In the circumstances of the present case, the period of delay of NHS treatment which is tolerable before it reaches the level of what is “undue delay”, so as to result in a breach of Article 49 EC is:
a period very much less than the year with which the Claimant was faced by the decision communicated by the PCT (and endorsed by the Secretary of State) by letter dated November 21 2002; but
a period significantly (though probably not substantially) greater than the period of 3-4 months with which the Claimant was faced by the decision communicated by the PCT by letter dated 4 February 2003.
The materials currently published by the Secretary of State as to the procedures that an applicant should adopt to obtain reimbursement under the NHS for medical treatment abroad fall short of the requirement under Article 49 EC to have a “procedural system which is easily accessible”.
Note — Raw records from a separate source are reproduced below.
lemma quasidense_mfI:
  fixes S :: "'a::real_normed_vector \<Rightarrow> ('a \<Rightarrow>\<^sub>L real) set"
  assumes "\<And>x xs \<epsilon>. \<epsilon> > 0 \<Longrightarrow> \<exists>s l. l \<in> S s \<and> (norm (s - x))\<^sup>2 / 2 + (norm (l - xs))\<^sup>2 / 2 + (l - xs) (s - x) < \<epsilon>"
  shows "quasidense_mf S"
  unfolding quasidense_mf_def
proof (intro allI)
  fix x :: 'a and xs :: "'a \<Rightarrow>\<^sub>L real"
  show "(INF p\<in>graph_mf S. ereal ((norm (fst p - x))\<^sup>2 / 2 + (norm (snd p - xs))\<^sup>2 / 2 + (snd p - xs) (fst p - x))) \<le> 0"
    unfolding INF_le_iff
  proof (intro allI impI)
    fix y :: ereal assume "0 < y"
    then obtain \<epsilon> where \<epsilon>: "0 < \<epsilon>" "ereal \<epsilon> < y" using ereal_dense2 by (metis ereal_less(2))
    then obtain s l where "l \<in> S s" and "(norm (s - x))\<^sup>2 / 2 + (norm (l - xs))\<^sup>2 / 2 + (l - xs) (s - x) < \<epsilon>"
      using assms by blast
    then have "(s, l) \<in> graph_mf S"
      and "ereal ((norm (s - x))\<^sup>2 / 2 + (norm (l - xs))\<^sup>2 / 2 + (l - xs) (s - x)) < y"
      using \<epsilon>(2) by (auto simp: graph_mf_def intro: less_trans[OF _ \<epsilon>(2)])
    then show "\<exists>p\<in>graph_mf S. ereal ((norm (fst p - x))\<^sup>2 / 2 + (norm (snd p - xs))\<^sup>2 / 2 + (snd p - xs) (fst p - x)) < y"
      by force
  qed
qed

theorem theorem2p14:
  fixes f :: "'a::banach \<Rightarrow> ereal"
  assumes "\<exists>x::'a. x \<noteq> 0"
    and "proper_fun f" and "convex_fun f" and "lsc_fun f"
  shows "closed_mf (subdiff f) \<and> monotone_mf (subdiff f) \<and> quasidense_mf (subdiff f)"
proof -
  have nm: "\<And>x. f x \<noteq> - \<infinity>" using assms(2) unfolding proper_fun_def by blast
  have "quasidense_mf (subdiff f)"
    by (rule quasidense_mfI) (rule subdiff_quasidense_point[OF assms(2-4)])
  then show ?thesis
    using subdiff_closed[where f = f, OF nm assms(4)] subdiff_monotone[where f = f, OF nm] by blast
qed

end
(* Let $M$ be a $\lambda$-term and $\vec x$ a list of $n$ distinct variables with $FV(M)\subseteq\vec x$. If $M$ is head-normalizable, then $\llbracket M\rrbracket_{\vec x}$ is not the zero distributor, i.e. $\llbracket M\rrbracket_{\vec x}(\Delta,a)\neq\emptyset$ for some $\Delta\in(SD)^n$, $a\in D$.
   Context: A $\lambda$-term is in head-normal form if it has the shape $\lambda y_1\dots\lambda y_m.\,y\,Q_1\cdots Q_p$; it is head-normalizable if it $\beta$-reduces to a head-normal form. $[n]=\{1,\dots,n\}$. Fix a class $\mathcal C$ of functions between finite ordinals equal to one of: all bijections, all injections, all surjections, all functions. For a small category $X$, $SX$ has finite lists of objects of $X$ as objects and morphisms $\langle x_1,\dots,x_n\rangle\to\langle y_1,\dots,y_m\rangle$ the tuples $\langle\alpha,f_1,\dots,f_m\rangle$ with $\alpha:[m]\to[n]$ in $\mathcal C$, $f_i:x_{\alpha(i)}\to y_i$; composite of $\langle\alpha,\vec f\rangle$ then $\langle\beta,\vec g\rangle$ is $\langle\alpha\circ\beta,(g_i\circ f_{\beta(i)})_i\rangle$; tensor $\oplus$ = concatenation, unit $\langle\rangle$. Fix a small category $A$. $D=D_A$ is the colimit of $D_0=A$, $D_{k+1}=(SD_k)^{o}\times D_k\sqcup A$ along canonical inclusions: objects $a::=o\mid\vec a\Rightarrow a$ ($o\in\mathrm{Ob}(A)$); morphisms are those of $A$ and $\langle\alpha,\vec f\rangle\Rightarrow f:(\vec a\Rightarrow a)\to(\vec a'\Rightarrow a')$ for $\langle\alpha,\vec f\rangle:\vec a'\to\vec a$ in $SD$, $f:a\to a'$. $SD=S(D_A)$. Contexts are objects of $(SD)^n$; $\otimes$ is componentwise concatenation; $\Delta\oplus\langle\vec a\rangle$ appends a component. Denotation $\llbracket M\rrbracket_{\vec x}:((SD)^n)^{o}\times D\to\mathrm{Set}$ for $\vec x=\langle x_1..x_n\rangle\supseteq FV(M)$ (functorial action from hom-functors and coends): $\llbracket x_i\rrbracket_{\vec x}(\Delta,a)=(SD)^n(\Delta,\langle\langle\rangle,\dots,\langle a\rangle,\dots,\langle\rangle\rangle)$ ($\langle a\rangle$ at position $i$); $\llbracket\lambda y.P\rrbracket_{\vec x}(\Delta,a)=\llbracket P\rrbracket_{\vec x\oplus\langle y\rangle}(\Delta\oplus\langle\vec a'\rangle,a')$ if $a=\vec a'\Rightarrow a'$, $\emptyset$ if $a$ atomic; $\llbracket PQ\rrbracket_{\vec x}(\Delta,a)=\int^{\vec a=\langle a_1..a_k\rangle\in SD}\int^{\Gamma_0..\Gamma_k\in(SD)^n}\llbracket P\rrbracket_{\vec x}(\Gamma_0,\vec a\Rightarrow a)\times\prod_{i=1}^k\llbracket Q\rrbracket_{\vec x}(\Gamma_i,a_i)\times(SD)^n(\Delta,\bigotimes_{i=0}^k\Gamma_i)$. *)

theory Defs
  imports Main
begin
Under Article 22 of Regulation 1408/71 Member States are bound to grant authorisation only where the treatment cannot be provided within such time as to ensure its effectiveness. Waiting lists and waiting times are of central significance in the context of Article 22 which, although it requires one to take account of the patient’s current state of health and the probable course of the disease, primarily directs attention to “the time normally necessary for obtaining the treatment in question in the Member State of residence.”
Reimbursement under Article 49 EC is calculated by reference to the legislation in force in the member state of the patient’s residence. Since hospital treatment is free at the point of delivery in the United Kingdom reimbursement by the United Kingdom authorities under Article 49 EC would be at the full cost of the treatment abroad.